Israël-Singapour : aspartame, acésulfame K, sucralose… toxiques pour notre microbiote

Sciences et Avenir. « Deux semaines de consommation d’édulcorants de synthèse ont suffi pour perturber les bactéries intestinales ». C’est la conclusion fracassante de recherches menées par des chercheurs de l’université Ben Gourion du Néguev (BGU) en Israël et à l’Université technologique de Nanyang à Singapour. Aspartame, sucralose, saccharine, néotame, advantame, acésulfame potassium (Ace-K), ces six édulcorants de synthèse à saveur sucrée intense (ou sucres artificiels) approuvés par la Food and Drug administration (FDA) américaine et l’Union européenne seraient toxiques pour notre microbiote intestinal (flore intestinale, ensemble des micro-organismes logés dans notre tube digestif).

Les édulcorants de synthèse sont des substituts aux sucres connus pour leur haut pouvoir sucrant, mais non nutritifs. On les retrouve en nombre dans les produits alimentaires et les boissons, sans qu’il y ait de consensus scientifique en ce qui concerne leurs conséquences sur la santé, faute d’études suffisantes. Un lien a cependant été établi entre la consommation d’édulcorants de synthèse et le développement de cancers, de troubles métaboliques comme le diabète de type 2, une prise de poids et une altération de l’activité du microbiote.

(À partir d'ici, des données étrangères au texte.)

definition cup :: "(int \<times> int) set \<Rightarrow> bool" where
  "cup C \<longleftrightarrow> (\<forall>a\<in>C. \<forall>b\<in>C. \<forall>c\<in>C. fst a < fst b \<longrightarrow> fst b < fst c \<longrightarrow> slope a b < slope b c)"

definition cap :: "(int \<times> int) set \<Rightarrow> bool" where
  "cap C \<longleftrightarrow> (\<forall>a\<in>C. \<forall>b\<in>C. \<forall>c\<in>C. fst a < fst b \<longrightarrow> fst b < fst c \<longrightarrow> slope b c < slope a b)"

lemma cup_subset: "cup C \<Longrightarrow> D \<subseteq> C \<Longrightarrow> cup D"
  unfolding cup_def by blast

lemma cap_subset: "cap C \<Longrightarrow> D \<subseteq> C \<Longrightarrow> cap D"
  unfolding cap_def by blast

lemma cup_translate [simp]: "cup ((\<lambda>p. p + d) ` C) \<longleftrightarrow> cup C"
  unfolding cup_def by simp

lemma cap_translate [simp]: "cap ((\<lambda>p. p + d) ` C) \<longleftrightarrow> cap C"
  unfolding cap_def by simp

lemma card_le_1_if_no_increasing_pair:
  fixes D :: "('a::linorder \<times> 'b) set"
  assumes "finite D" "inj_on fst D" "\<And>x y. x \<in> D \<Longrightarrow> y \<in> D \<Longrightarrow> \<not> fst x < fst y"
  shows "card D \<le> 1"
proof -
  have "x = y" if "x \<in> D" "y \<in> D" for x y
  proof -
    have "fst x = fst y"
      using assms(3)[OF that] assms(3)[OF that(2,1)] by simp
    then show ?thesis
      using inj_onD[OF assms(2)] that by blast
  qed
  then show ?thesis
    by (simp add: card_le_Suc0_iff_eq[OF assms(1)])
qed

lemma obtain_leftmost_rightmost:
  fixes C :: "('a::linorder \<times> 'b) set"
  assumes "finite C" "C \<noteq> {}"
  obtains l r where "l \<in> C" "r \<in> C" "\<And>p. p \<in> C \<Longrightarrow> fst l \<le> fst p \<and> fst p \<le> fst r"
proof -
  have "Min (fst ` C) \<in> fst ` C" "Max (fst ` C) \<in> fst ` C"
    using assms by simp_all
  then obtain l r where "l \<in> C" "fst l = Min (fst ` C)" "r \<in> C" "fst r = Max (fst ` C)"
    by auto
  then show thesis
    using that assms by simp
qed

lemma obtain_distinct_leftmost_rightmost:
  fixes C :: "('a::linorder \<times> 'b) set"
  assumes "finite C" "inj_on fst C" "2 \<le> card C"
  obtains l r where "l \<in> C" "r \<in> C" "l \<noteq> r" "\<And>p. p \<in> C \<Longrightarrow> fst l \<le> fst p \<and> fst p \<le> fst r"
proof -
  have "C \<noteq> {}"
    using assms(3) by auto
  then obtain l r where lr: "l \<in> C" "r \<in> C" "\<And>p. p \<in> C \<Longrightarrow> fst l \<le> fst p \<and> fst p \<le> fst r"
    by (rule obtain_leftmost_rightmost[OF assms(1)]) auto
  have "l \<noteq> r"
  proof
    assume "l = r"
    then have "fst p = fst l" if "p \<in> C" for p
      using lr(3)[OF that] by (simp add: order.antisym)
    then have "card C \<le> 1"
      by (intro card_le_1_if_no_increasing_pair[OF assms(1,2)]) auto
    then show False
      using assms(3) by simp
  qed
  then show thesis
    using that lr by blast
qed

definition slopes_within :: "real \<Rightarrow> real \<Rightarrow> (int \<times> int) set \<Rightarrow> bool" where
  "slopes_within lo hi S \<longleftrightarrow>
     inj_on fst S \<and> (\<forall>a\<in>S. \<forall>b\<in>S. fst a < fst b \<longrightarrow> lo < slope a b \<and> slope a b < hi)"

lemma slopes_within_translate [simp]:
  "slopes_within lo hi ((\<lambda>p. p + d) ` S) \<longleftrightarrow> slopes_within lo hi S"
  by (auto simp: slopes_within_def inj_on_def)

lemma slopes_within_mono:
  "slopes_within lo hi S \<Longrightarrow> lo' \<le> lo \<Longrightarrow> hi \<le> hi' \<Longrightarrow> slopes_within lo' hi' S"
  unfolding slopes_within_def by force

Mais les mécanismes n’ont pas pour autant été élucidés.

C’est pourquoi les chercheurs israéliens et singapouriens ont mené une étude in vitro. Chacun des six édulcorants artificiels a été mis en présence de bactéries Escherichia coli, très communes dans le tube digestif, génétiquement modifiées pour émettre de la lumière en présence de substances toxiques. Les chercheurs ont ensuite mesuré les signaux luminescents produits et la croissance bactérienne. Résultats : des effets toxiques ont été constatés lorsque les bactéries ont été exposées à certaines concentrations d’édulcorants artificiels.

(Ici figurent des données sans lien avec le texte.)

(* Let $S=S^{\top}\in\mathbb{R}^{n\times n}$ be a nonnegative irreducible symmetric matrix and $K=-K^{\top}\in\mathbb{R}^{n\times n}$ a skew-symmetric matrix such that $A=S+K\ge0$ (entrywise). Let $Q$ be a real orthogonal matrix such that $Q^{\top}SQ=\mathrm{diag}(r(S),\lambda_2,\dots,\lambda_n)$. Then $t\mapsto r\big((1-t)A+tA^{\top}\big)$ is constant on $t\in[0,1]$ if and only if $$Q^{\top}KQ=\begin{pmatrix}0 & \mathbf{0}^{\top}\\ \mathbf{0} & K_2\end{pmatrix}$$ for some skew-symmetric $K_2=-K_2^{\top}\in\mathbb{R}^{(n-1)\times(n-1)}$, where $\mathbf{0}\in\mathbb{R}^{n-1}$ is the zero vector.
   Context: $r(M)$ denotes the spectral radius of $M$; $\lambda_2,\dots,\lambda_n$ are the remaining eigenvalues of $S$. *)

theory Defs
  imports "Jordan_Normal_Form.Spectral_Radius"
begin

text \<open>Irreducibility of a square matrix (Horn--Johnson convention via the directed
graph of the matrix): for n >= 2, A is irreducible iff its directed graph on the
vertices 0..n-1 (edge i -> j iff A(i,j) is nonzero) is strongly connected;
every 1 x 1 matrix counts as irreducible here (that case is trivial for the theorem).\<close>

definition mat_graph :: "real mat \<Rightarrow> (nat \<times> nat) set" where
  "mat_graph A = {(i, j). i < dim_row A \<and> j < dim_row A \<and> A $$ (i, j) \<noteq> 0}"

definition irreducible_mat :: "real mat \<Rightarrow> bool" where
  "irreducible_mat A \<longleftrightarrow> square_mat A \<and>
     (\<forall>i < dim_row A. \<forall>j < dim_row A. i \<noteq> j \<longrightarrow> (i, j) \<in> (mat_graph A)\<^sup>+)"

definition nonneg_mat :: "real mat \<Rightarrow> bool" where
  "nonneg_mat A \<longleftrightarrow> (\<forall>i < dim_row A. \<forall>j < dim_col A. A $$ (i, j) \<ge> 0)"

definition real_spectral_radius :: "real mat \<Rightarrow> real" where
  "real_spectral_radius A = spectral_radius (map_mat complex_of_real A)"

end

theory Submission
  imports Defs
begin

text \<open>
Along the path, (1 - t) A + t A' = S + s K with s = 1 - 2t, and for |s| <= 1 these matrices
are entrywise nonnegative. If z is an eigenvector of S + s K for the eigenvalue mu and p = |z|
entrywise, then |mu| |p|^2 <= p' (S + s K) p = p' S p <= r(S) |p|^2, because a skew-symmetric
matrix has vanishing quadratic form. So the spectral radius never exceeds its value r(S) at
t = 1/2, and the path is constant iff r(S + s K) = r(S) for all |s| <= 1.
For s = 1 this chain is then tight: p is a Perron vector of S, positive by irreducibility, and
K p >= 0 together with p' K p = 0 forces K p = 0. The Perron eigenspace of S is a line, so the
first column q of Q is a multiple of p and K q = 0, which is the block form of Q' K Q.
Conversely, K q = 0 makes q an eigenvector for r(S) of every S + s K.
\<close>

lemma mult_mat_index_sum:
  assumes "A \<in> carrier_mat nr m" "B \<in> carrier_mat m nc" "i < nr" "j < nc"
  shows "(A * B) $$ (i, j) = (\<Sum>k<m. A $$ (i, k) * B $$ (k, j))"
  using assms by (simp add: scalar_prod_def lessThan_atLeast0)

lemma mult_mat_vec_index_sum:
  assumes "A \<in> carrier_mat nr m" "v \<in> carrier_vec m" "i < nr"
  shows "(A *\<^sub>v v) $ i = (\<Sum>k<m. A $$ (i, k) * v $ k)"
  using assms by (simp add: scalar_prod_def lessThan_atLeast0)

lemma mult_mat_vec_col_index_sum:
  assumes "A \<in> carrier_mat nr m" "B \<in> carrier_mat m nc" "i < nr" "k < nc"
  shows "(A *\<^sub>v col B k) $ i = (\<Sum>j<m. A $$ (i, j) * B $$ (j, k))"
  using assms by (simp add: scalar_prod_def lessThan_atLeast0)

lemma skew_mat_index_swap:
  assumes "K \<in> carrier_mat n n" "transpose_mat K = - K" "i < n" "j < n"
  shows "K $$ (j, i) = - K $$ (i, j)"
proof -
  have "K $$ (j, i) = transpose_mat K $$ (i, j)" using assms(1,3,4) by simp
  also have "\<dots> = - K $$ (i, j)" using assms by simp
  finally show ?thesis .
qed

lemma symmetric_mat_index_swap:
  assumes "S \<in> carrier_mat n n" "transpose_mat S = S" "i < n" "j < n"
  shows "S $$ (j, i) = S $$ (i, j)"
proof -
  have "S $$ (j, i) = transpose_mat S $$ (i, j)" using assms(1,3,4) by simp
  then show ?thesis using assms(2) by simp
qed

lemma skew_smult_mat:
  fixes K :: "'a :: comm_ring_1 mat"
  assumes K: "K \<in> carrier_mat n n" "transpose_mat K = - K"
  shows "transpose_mat (a \<cdot>\<^sub>m K) = - (a \<cdot>\<^sub>m K)"
proof (rule eq_matI)
  fix i j assume "i < dim_row (- (a \<cdot>\<^sub>m K))" "j < dim_col (- (a \<cdot>\<^sub>m K))"
  then have ij: "i < n" "j < n" using K by auto
  then show "transpose_mat (a \<cdot>\<^sub>m K) $$ (i, j) = (- (a \<cdot>\<^sub>m K)) $$ (i, j)"
    using K skew_mat_index_swap[OF K ij] by simp
qed (use K in auto)

lemma skew_convex_path:
  fixes S K :: "'a :: comm_ring_1 mat"
  assumes S: "S \<in> carrier_mat n n" "transpose_mat S = S"
    and K: "K \<in> carrier_mat n n" "transpose_mat K = - K"
  shows "(1 - t) \<cdot>\<^sub>m (S + K) + t \<cdot>\<^sub>m transpose_mat (S + K) = S + (1 - 2 * t) \<cdot>\<^sub>m K"
proof (rule eq_matI)
  fix i j assume "i < dim_row (S + (1 - 2 * t) \<cdot>\<^sub>m K)" "j < dim_col (S + (1 - 2 * t) \<cdot>\<^sub>m K)"
  then have ij: "i < n" "j < n" using S K by auto
  have "((1 - t) \<cdot>\<^sub>m (S + K) + t \<cdot>\<^sub>m transpose_mat (S + K)) $$ (i, j)
      = (1 - t) * (S $$ (i, j) + K $$ (i, j)) + t * (S $$ (j, i) + K $$ (j, i))"
    using ij S K by simp
  also have "\<dots> = S $$ (i, j) + (1 - 2 * t) * K $$ (i, j)"
    unfolding symmetric_mat_index_swap[OF S ij] skew_mat_index_swap[OF K ij] by (simp add: algebra_simps)
  finally show "((1 - t) \<cdot>\<^sub>m (S + K) + t \<cdot>\<^sub>m transpose_mat (S + K)) $$ (i, j)
      = (S + (1 - 2 * t) \<cdot>\<^sub>m K) $$ (i, j)"
    using ij S K by simp
qed (use S K in auto)

lemma nonneg_mat_symmetric_plus_smult_skew:
  fixes S K :: "real mat"
  assumes S: "S \<in> carrier_mat n n" "transpose_mat S = S"
    and K: "K \<in> carrier_mat n n" "transpose_mat K = - K"
    and nonneg: "nonneg_mat (S + K)" and s: "\<bar>s\<bar> \<le> 1"
  shows "nonneg_mat (S + s \<cdot>\<^sub>m K)"
  unfolding nonneg_mat_def
proof (intro allI impI)
  fix i j assume "i < dim_row (S + s \<cdot>\<^sub>m K)" "j < dim_col (S + s \<cdot>\<^sub>m K)"
  then have ij: "i < n" "j < n" using S K by auto
  have plus: "0 \<le> S $$ (i, j) + K $$ (i, j)"
    using nonneg ij S K unfolding nonneg_mat_def by auto
  have "0 \<le> S $$ (j, i) + K $$ (j, i)"
    using nonneg ij S K unfolding nonneg_mat_def by auto
  then have minus: "0 \<le> S $$ (i, j) - K $$ (i, j)"
    using symmetric_mat_index_swap[OF S ij] skew_mat_index_swap[OF K ij] by simp
  have "S $$ (i, j) + s * K $$ (i, j)
      = (1 + s) / 2 * (S $$ (i, j) + K $$ (i, j)) + (1 - s) / 2 * (S $$ (i, j) - K $$ (i, j))"
    by (simp add: field_simps)
  also have "\<dots> \<ge> 0"
  proof -
    have "0 \<le> (1 + s) / 2 * (S $$ (i, j) + K $$ (i, j))" by (rule mult_nonneg_nonneg) (use plus s in auto)
    moreover have "0 \<le> (1 - s) / 2 * (S $$ (i, j) - K $$ (i, j))" by (rule mult_nonneg_nonneg) (use minus s in auto)
    ultimately show ?thesis by linarith
  qed
  finally show "0 \<le> (S + s \<cdot>\<^sub>m K) $$ (i, j)" using ij S K by simp
qed

lemma skew_quadratic_form_eq_0:
  fixes K :: "real mat"
  assumes "K \<in> carrier_mat n n" "transpose_mat K = - K"
  shows "(\<Sum>i<n. \<Sum>j<n. p i * K $$ (i, j) * p j) = 0"
proof -
  let ?X = "\<Sum>i<n. \<Sum>j<n. p i * K $$ (i, j) * p j"
  have "?X = (\<Sum>j<n. \<Sum>i<n. p i * K $$ (i, j) * p j)" by (rule sum.swap)
  also have "\<dots> = (\<Sum>j<n. \<Sum>i<n. - (p j * K $$ (j, i) * p i))"
  proof (intro sum.cong refl)
    fix i j assume "j \<in> {..<n}" "i \<in> {..<n}"
    then show "p i * K $$ (i, j) * p j = - (p j * K $$ (j, i) * p i)"
      using skew_mat_index_swap[OF assms, of j i] by simp
  qed
  also have "\<dots> = - ?X" by (simp add: sum_negf)
  finally show ?thesis by simp
qed

lemma skew_mult_pos_nonneg_eq_0:
  fixes K :: "real mat"
  assumes K: "K \<in> carrier_mat n n" "transpose_mat K = - K"
    and p_pos: "\<forall>i<n. 0 < p i" and Kp_nonneg: "\<forall>i<n. 0 \<le> (\<Sum>j<n. K $$ (i, j) * p j)"
    and i: "i < n"
  shows "(\<Sum>j<n. K $$ (i, j) * p j) = 0"
proof -
  have "(\<Sum>i<n. p i * (\<Sum>j<n. K $$ (i, j) * p j)) = 0"
    using skew_quadratic_form_eq_0[OF K, of p] by (simp add: sum_distrib_left mult.assoc)
  moreover have "\<forall>i\<in>{..<n}. 0 \<le> p i * (\<Sum>j<n. K $$ (i, j) * p j)"
    using p_pos Kp_nonneg by (auto intro!: mult_nonneg_nonneg simp: less_imp_le)
  ultimately have "\<forall>i\<in>{..<n}. p i * (\<Sum>j<n. K $$ (i, j) * p j) = 0"
    using sum_nonneg_eq_0_iff[of "{..<n}" "\<lambda>i. p i * (\<Sum>j<n. K $$ (i, j) * p j)"] by simp
  then have "p i * (\<Sum>j<n. K $$ (i, j) * p j) = 0" "0 < p i" using p_pos i by auto
  then show ?thesis by simp
qed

« C’est une preuve de plus que la consommation d’édulcorants artificiels affecte négativement l’activité du microbiote intestinal qui peut être à l’origine d’un large éventail de problèmes de santé », a déclaré le Pr Ariel Kushmaro, coauteur de l’étude.

NDLR ISI Mag : Le Pr Ariel Kushmaro a fait son doctorat à l’Université de Tel Aviv et son post-doctorat à Harvard aux Etats-Unis (Department of Organismic and Evolutionary Biology). Il mène ses travaux actuellement au sein de l’Université Ben Gourion du Néguev en Israël (Department of Biotechology Engineering).

Par ailleurs, dans une présentation orale faite lors du congrès de l’European Association for the Study of Diabetes (EASD) une équipe de chercheurs de la faculté de médecine de l’université d’Adélaïde (Australie) a raconté comment elle a observé d’autres conséquences d’une consommation d’édulcorants sur le microbiote. Les chercheurs ont réalisé l’expérience suivante : un groupe de 29 sujets non diabétiques d’une moyenne d’âge de 30 ans a été recruté. Quinze volontaires ont consommé un placebo, quatorze une combinaison de pilules contenant 92 mg de sucralose et 52 mg d’acésulfame potassium, soit l’équivalent d’une consommation quotidienne de 1,5 l de soda light pendant deux semaines! Des analyses de selles avant et après la prise de ce régime ont été réalisées, afin de déterminer quels genres et espèces de microorganismes étaient présents dans l’intestin.

Les résultats montrent que les individus du groupe “édulcorants” présentent une plus grande modification des bactéries présentes dans leurs fèces avec une réduction significative de celles genres Eubacterium et Cylindroides, associées à une bonne santé. Les populations des espèces bénéfiques (notamment celles qui permettent de faire fermenter les aliments dans le tube digestif) a diminué alors qu’a augmenté celles de onze genres bactériens opportunistes. De plus, les bactéries Butyrivibrio, associées au contrôle de la glycémie, étaient moins abondantes. Conclusion des auteurs : « Chez des sujets sains non diabétiques, deux semaines de consommation d’édulcorants de synthèse ont suffi pour perturber les bactéries intestinales et augmenter l’abondance de celles qui sont normalement absentes chez des individus en bonne santé ».  Cette présentation orale a été approuvée par le comité de lecture de l’EASD mais n’a pas encore été soumise à publication. Le manuscrit est en cours de finalisation.